== MATERIAL PROVIDED

lemma
  fixes h :: "real \<Rightarrow> real"
  assumes h_nonneg: "\<And>y. 0 \<le> h y"
  shows integrable_comp_Y_iff: "integrable M (\<lambda>\<omega>. h (Y \<omega>)) \<longleftrightarrow> summable (\<lambda>m. h (node m) * mass m)"
    and integral_comp_Y: "summable (\<lambda>m. h (node m) * mass m) \<Longrightarrow>
          expectation (\<lambda>\<omega>. h (Y \<omega>)) = (\<Sum>m. h (node m) * mass m)"
proof -
  have terms_nonneg: "0 \<le> h (node m) * mass m" for m
    using h_nonneg mass_nonneg by simp
  have nn_eq: "(\<integral>\<^sup>+\<omega>. ennreal (h (Y \<omega>)) \<partial>M) = (\<Sum>m. ennreal (h (node m) * mass m))"
    using nn_integral_comp_Y[of "\<lambda>y. ennreal (h y)"] by (simp add: ennreal_mult h_nonneg mass_nonneg)
  have meas: "(\<lambda>\<omega>. h (Y \<omega>)) \<in> borel_measurable M"
    by (rule measurable_comp_Y)
  show "integrable M (\<lambda>\<omega>. h (Y \<omega>)) \<longleftrightarrow> summable (\<lambda>m. h (node m) * mass m)"
  proof
    assume "integrable M (\<lambda>\<omega>. h (Y \<omega>))"
    then have "(\<integral>\<^sup>+\<omega>. ennreal (h (Y \<omega>)) \<partial>M) = ennreal (expectation (\<lambda>\<omega>. h (Y \<omega>)))"
      by (rule nn_integral_eq_integral) (simp add: h_nonneg)
    then show "summable (\<lambda>m. h (node m) * mass m)"
      using nn_eq by (intro summable_suminf_not_top[OF terms_nonneg]) simp
  next
    assume "summable (\<lambda>m. h (node m) * mass m)"
    then have "(\<integral>\<^sup>+\<omega>. ennreal (h (Y \<omega>)) \<partial>M) < \<infinity>"
      unfolding nn_eq using ennreal_suminf_neq_top terms_nonneg by (simp add: top.not_eq_extremum)
    then show "integrable M (\<lambda>\<omega>. h (Y \<omega>))"
      by (intro integrableI_nonneg meas) (auto simp: h_nonneg)
  qed
  assume summable: "summable (\<lambda>m. h (node m) * mass m)"
  have "expectation (\<lambda>\<omega>. h (Y \<omega>)) = enn2real (\<integral>\<^sup>+\<omega>. ennreal (h (Y \<omega>)) \<partial>M)"
    using meas h_nonneg by (intro integral_eq_nn_integral) auto
  also have "\<dots> = (\<Sum>m. h (node m) * mass m)"
    unfolding nn_eq by (subst suminf_ennreal2[OF terms_nonneg summable]) (simp add: suminf_nonneg[OF summable terms_nonneg])
  finally show "expectation (\<lambda>\<omega>. h (Y \<omega>)) = (\<Sum>m. h (node m) * mass m)" .
qed

lemma summable_mass: "summable mass"
  using integrable_comp_Y_iff[of "\<lambda>_. 1"] by simp

lemma suminf_mass: "(\<Sum>m. mass m) = 1"
  using integral_comp_Y[of "\<lambda>_. 1"] summable_mass by (simp add: prob_space)

lemma AE_mass_pos: "AE \<omega> in M. pmass M Y (Y \<omega>) > 0"
proof -
  define h :: "real \<Rightarrow> ennreal" where "h y = (if pmass M Y y = 0 then 1 else 0)" for y
  have "(\<lambda>m. h (node m) * ennreal (mass m)) = (\<lambda>_. 0)"
    by (auto simp: h_def fun_eq_iff)
  then have "(\<integral>\<^sup>+\<omega>. h (Y \<omega>) \<partial>M) = 0"
    unfolding nn_integral_comp_Y by simp
  then have "AE \<omega> in M. h (Y \<omega>) = 0"
    by (subst nn_integral_0_iff_AE[symmetric]) (auto intro: measurable_comp_Y)
  then show ?thesis
    by eventually_elim (use pmass_nonneg in \<open>auto simp: h_def less_le split: if_splits\<close>)
qed

lemma summable_entropy_of_abs_moment:
  assumes "summable (\<lambda>m. \<bar>node m\<bar> * mass m)"
  shows "summable (\<lambda>m. - (mass m * ln (mass m)))"
proof (rule summable_entropy_int_decode[OF mass_nonneg mass_le_1])
  show "summable (\<lambda>m. \<bar>real_of_int (int_decode m)\<bar> * mass m)"
  proof (rule summable_comparison_test')
    show "summable (\<lambda>m. (1 / d) * (\<bar>node m\<bar> * mass m) + (\<bar>b\<bar> / d) * mass m)"
      by (intro summable_add summable_mult assms summable_mass)
  next
    fix m
    have "\<bar>real_of_int (int_decode m)\<bar> = \<bar>node m - b\<bar> / d"
      using spacing_pos by (simp add: node_def abs_mult)
    also have "\<dots> \<le> (\<bar>node m\<bar> + \<bar>b\<bar>) / d"
      using spacing_pos by (intro divide_right_mono abs_triangle_ineq4) simp
    finally have "\<bar>real_of_int (int_decode m)\<bar> * mass m \<le> (\<bar>node m\<bar> + \<bar>b\<bar>) / d * mass m"
      by (rule mult_right_mono[OF _ mass_nonneg])
    then show "norm (\<bar>real_of_int (int_decode m)\<bar> * mass m)
                 \<le> (1 / d) * (\<bar>node m\<bar> * mass m) + (\<bar>b\<bar> / d) * mass m"
      using mass_nonneg[of m] by (simp add: add_divide_distrib distrib_right)
  qed
qed

lemma disc_entropy_eq_suminf:
  assumes "summable (\<lambda>m. - (mass m * ln (mass m)))"
  shows "disc_entropy M Y = (\<Sum>m. - (mass m * ln (mass m)))"
proof -
  define h where "h y = - pmass M Y y * ln (pmass M Y y)" for y
  have "disc_entropy M Y = infsum h (range node)"
    unfolding disc_entropy_def h_def
    by (rule infsum_cong_neutral) (auto intro!: pmass_eq_0 dest: Y_in_range_node)
  also have "\<dots> = infsum (h \<circ> node) UNIV"
    by (rule infsum_reindex[OF inj_node])
  also have "\<dots> = (\<Sum>m. - (mass m * ln (mass m)))"
  proof -
    have "\<bar>- (mass m * ln (mass m))\<bar> = - (mass m * ln (mass m))" for m
      using mult_ln_nonpos[OF mass_nonneg mass_le_1] by simp
    then have "summable (\<lambda>m. \<bar>(h \<circ> node) m\<bar>)"
      using assms by (simp add: h_def)
    then show ?thesis
      by (subst infsum_eq_suminf_abs_summable) (simp_all add: h_def o_def)
  qed
  finally show ?thesis .
qed

lemma emeasure_distr_add_scaled_indep:
  fixes U :: "'a \<Rightarrow> real"
  assumes indep: "indep_var borel Y borel U" and A [measurable]: "A \<in> sets borel"
  shows "emeasure (distr M lborel (\<lambda>\<omega>. Y \<omega> + d * U \<omega>)) A
           = (\<Sum>m. (\<integral>\<^sup>+u. indicator A (node m + d * u) \<partial>distr M borel U) * ennreal (mass m))"
proof -
  have U [measurable]: "U \<in> borel_measurable M"
    using indep by (simp add: indep_var_distribution_eq)
  interpret U: prob_space "distr M borel U"
    by (rule prob_space_distr) simp
  define F :: "real \<times> real \<Rightarrow> ennreal" where "F z = indicator A (fst z + d * snd z)" for z
  have [measurable]: "F \<in> borel_measurable (borel \<Otimes>\<^sub>M borel)"
    unfolding F_def by measurable
  have "emeasure (distr M lborel (\<lambda>\<omega>. Y \<omega> + d * U \<omega>)) A
          = (\<integral>\<^sup>+x. indicator A x \<partial>distr M lborel (\<lambda>\<omega>. Y \<omega> + d * U \<omega>))"
    by simp
  also have "\<dots> = (\<integral>\<^sup>+\<omega>. F (Y \<omega>, U \<omega>) \<partial>M)"
    by (subst nn_integral_distr) (auto simp: F_def)
  also have "\<dots> = (\<integral>\<^sup>+z. F z \<partial>distr M (borel \<Otimes>\<^sub>M borel) (\<lambda>\<omega>. (Y \<omega>, U \<omega>)))"
    by (subst nn_integral_distr) auto
  also have "distr M (borel \<Otimes>\<^sub>M borel) (\<lambda>\<omega>. (Y \<omega>, U \<omega>)) = distr M borel Y \<Otimes>\<^sub>M distr M borel U"
    using indep by (simp add: indep_var_distribution_eq)
  also have "(\<integral>\<^sup>+z. F z \<partial>(distr M borel Y \<Otimes>\<^sub>M distr M borel U))
               = (\<integral>\<^sup>+y. (\<integral>\<^sup>+u. F (y, u) \<partial>distr M borel U) \<partial>distr M borel Y)"
    by (rule U.nn_integral_fst[symmetric]) simp
  also have "\<dots> = (\<integral>\<^sup>+\<omega>. (\<integral>\<^sup>+u. F (Y \<omega>, u) \<partial>distr M borel U) \<partial>M)"
    by (subst nn_integral_distr) (auto intro: U.borel_measurable_nn_integral_fst)
  also have "\<dots> = (\<Sum>m. (\<integral>\<^sup>+u. indicator A (node m + d * u) \<partial>distr M borel U) * ennreal (mass m))"
    using nn_integral_comp_Y[of "\<lambda>y. \<integral>\<^sup>+u. indicator A (y + d * u) \<partial>distr M borel U"]
    by (simp add: F_def)
  finally show ?thesis .
qed

lemma distr_add_scaled_uniform:
  fixes U :: "'a \<Rightarrow> real"
  assumes indep: "indep_var borel Y borel U"
    and unif: "distr M lborel U = uniform_measure lborel {-1/2<..<1/2}"
  shows "distr M lborel (\<lambda>\<omega>. Y \<omega> + d * U \<omega>)
           = density lborel (\<lambda>t. ennreal (pmass M Y (b + of_int (round ((t - b) / d)) * d) / d))"
proof (rule measure_eqI)
  fix A assume "A \<in> sets (distr M lborel (\<lambda>\<omega>. Y \<omega> + d * U \<omega>))"
  then have A [measurable]: "A \<in> sets borel"
    by simp
  have "distr M borel U = uniform_measure lborel {-1/2<..<1/2}"
    unfolding unif[symmetric] by (rule distr_cong) auto
  then have cell: "(\<integral>\<^sup>+u. indicator A (x + d * u) \<partial>distr M borel U)
                     = (\<integral>\<^sup>+u. indicator A (x + d * u) * indicator {-1/2<..<1/2::real} u \<partial>lborel)" for x
    by (simp add: nn_integral_uniform_measure divide_ennreal_def)
  have step: "emeasure (density lborel (\<lambda>t. ennreal (pmass M Y (b + of_int (round ((t - b) / d)) * d) / d))) A
      = (\<Sum>m. (\<integral>\<^sup>+u. indicator A (node m + d * u) * indicator {-1/2<..<1/2::real} u \<partial>lborel) * ennreal (mass m))"
    using emeasure_density_round_step[OF spacing_pos _ A, of "\<lambda>k. pmass M Y (b + of_int k * d)" b]
    by (simp add: pmass_nonneg node_def)
  show "emeasure (distr M lborel (\<lambda>\<omega>. Y \<omega> + d * U \<omega>)) A
          = emeasure (density lborel (\<lambda>t. ennreal (pmass M Y (b + of_int (round ((t - b) / d)) * d) / d))) A"
    unfolding emeasure_distr_add_scaled_indep[OF indep A] step cell ..
qed simp


lemma AE_round_add_scaled_uniform:
  fixes U :: "'a \<Rightarrow> real"
  assumes "AE \<omega> in M. \<bar>U \<omega>\<bar> < 1/2"
  shows "AE \<omega> in M. b + of_int (round ((Y \<omega> + d * U \<omega> - b) / d)) * d = Y \<omega>"
  using assms AE_space
proof eventually_elim
  case (elim \<omega>)
  obtain k :: int where k: "Y \<omega> = b + of_int k * d"
    using Y_on_lattice[OF elim(2)] by blast
  have "(Y \<omega> + d * U \<omega> - b) / d = of_int k + U \<omega>"
    using spacing_pos by (simp add: k field_simps)
  then have "round ((Y \<omega> + d * U \<omega> - b) / d) = k"
    using elim(1) by (intro round_unique') simp
  then show ?case
    by (simp add: k)
qed

end

locale std_lattice_rv = lattice_rv +
  assumes Y_square_integrable: "integrable M (\<lambda>\<omega>. (Y \<omega>)\<^sup>2)"
    and Y_mean: "rv_mean M Y = 0"
    and Y_var: "rv_var M Y = 1"
begin

lemma expectation_Y: "expectation Y = 0"
  using Y_mean by (simp add: rv_mean_def)

lemma expectation_Y_square: "expectation (\<lambda>\<omega>. (Y \<omega>)\<^sup>2) = 1"
  using Y_mean Y_var by (simp add: rv_mean_def rv_var_def)

lemma summable_second_moment: "summable (\<lambda>m. (node m)\<^sup>2 * mass m)"
  using integrable_comp_Y_iff[of power2] Y_square_integrable by simp

lemma suminf_second_moment: "(\<Sum>m. (node m)\<^sup>2 * mass m) = 1"
  using integral_comp_Y[of power2] summable_second_moment expectation_Y_square by simp

lemma
  shows summable_abs_moment: "summable (\<lambda>m. \<bar>node m\<bar> * mass m)"
    and suminf_abs_moment_le: "(\<Sum>m. \<bar>node m\<bar> * mass m) \<le> 1"
proof -
  have integrable: "integrable M (\<lambda>\<omega>. \<bar>Y \<omega>\<bar>)"
    using square_integrable_imp_integrable[OF Y_measurable Y_square_integrable] by simp
  then show summable: "summable (\<lambda>m. \<bar>node m\<bar> * mass m)"
    using integrable_comp_Y_iff[of abs] by simp
  have "expectation (\<lambda>\<omega>. \<bar>Y \<omega>\<bar>) \<le> expectation (\<lambda>\<omega>. 1/2 + (Y \<omega>)\<^sup>2 / 2)"
  proof (rule integral_mono[OF integrable])
    show "integrable M (\<lambda>\<omega>. 1/2 + (Y \<omega>)\<^sup>2 / 2)"
      using Y_square_integrable by simp
    show "\<bar>Y \<omega>\<bar> \<le> 1/2 + (Y \<omega>)\<^sup>2 / 2" for \<omega>
      using sum_squares_ge_zero[of "\<bar>Y \<omega>\<bar> - 1" 0]
      by (simp add: power2_eq_square algebra_simps abs_mult_self_eq)
  qed
  also have "\<dots> = 1"
    using Y_square_integrable expectation_Y_square by (simp add: prob_space)
  finally show "(\<Sum>m. \<bar>node m\<bar> * mass m) \<le> 1"
    using integral_comp_Y[of abs] summable by simp
qed

lemma summable_entropy: "summable (\<lambda>m. - (mass m * ln (mass m)))"
  by (rule summable_entropy_of_abs_moment[OF summable_abs_moment])

text \<open>The denominator \<open>q\<close> of \<open>dkl_lattice\<close>: the Gaussian with the moments of \<open>Y\<close> is \<open>N(0, 1)\<close>.\<close>
definition cell_mass :: "nat \<Rightarrow> real" where
  "cell_mass m = (LBINT t=node m..node m + d. normal_density 0 1 t)"

lemma cell_mass_pos: "cell_mass m > 0"
  unfolding cell_mass_def by (rule normal_cell_mass_pos[OF spacing_pos])

definition cell_error :: "nat \<Rightarrow> real" where
  "cell_error m = ln (cell_mass m) - (ln d - ln (sqrt (2 * pi)) - (node m)\<^sup>2 / 2)"

lemma abs_mass_cell_error_le:
  "\<bar>mass m * cell_error m\<bar> \<le> d * (\<bar>node m\<bar> * mass m) + d\<^sup>2 / 2 * mass m"
proof -
  have "\<bar>mass m * cell_error m\<bar> = mass m * \<bar>cell_error m\<bar>"
    by (simp add: abs_mult mass_nonneg)
  also have "\<dots> \<le> mass m * (\<bar>node m\<bar> * d + d\<^sup>2 / 2)"
    unfolding cell_error_def cell_mass_def
    by (intro mult_left_mono ln_normal_cell_mass_approx spacing_pos mass_nonneg)
  finally show ?thesis
    by (simp add: algebra_simps)
qed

====

:: WHAT IS NEEDED ::
What is asked for is an exact copy of the lines above from the one containing "by (intro summable_add" through the one containing "using spacing_pos by (intro", and only those.

:: SOLVED EXERCISE ::
      by (intro summable_add summable_mult assms summable_mass)
  next
    fix m
    have "\<bar>real_of_int (int_decode m)\<bar> = \<bar>node m - b\<bar> / d"
      using spacing_pos by (simp add: node_def abs_mult)
    also have "\<dots> \<le> (\<bar>node m\<bar> + \<bar>b\<bar>) / d"
      using spacing_pos by (intro divide_right_mono abs_triangle_ineq4) simp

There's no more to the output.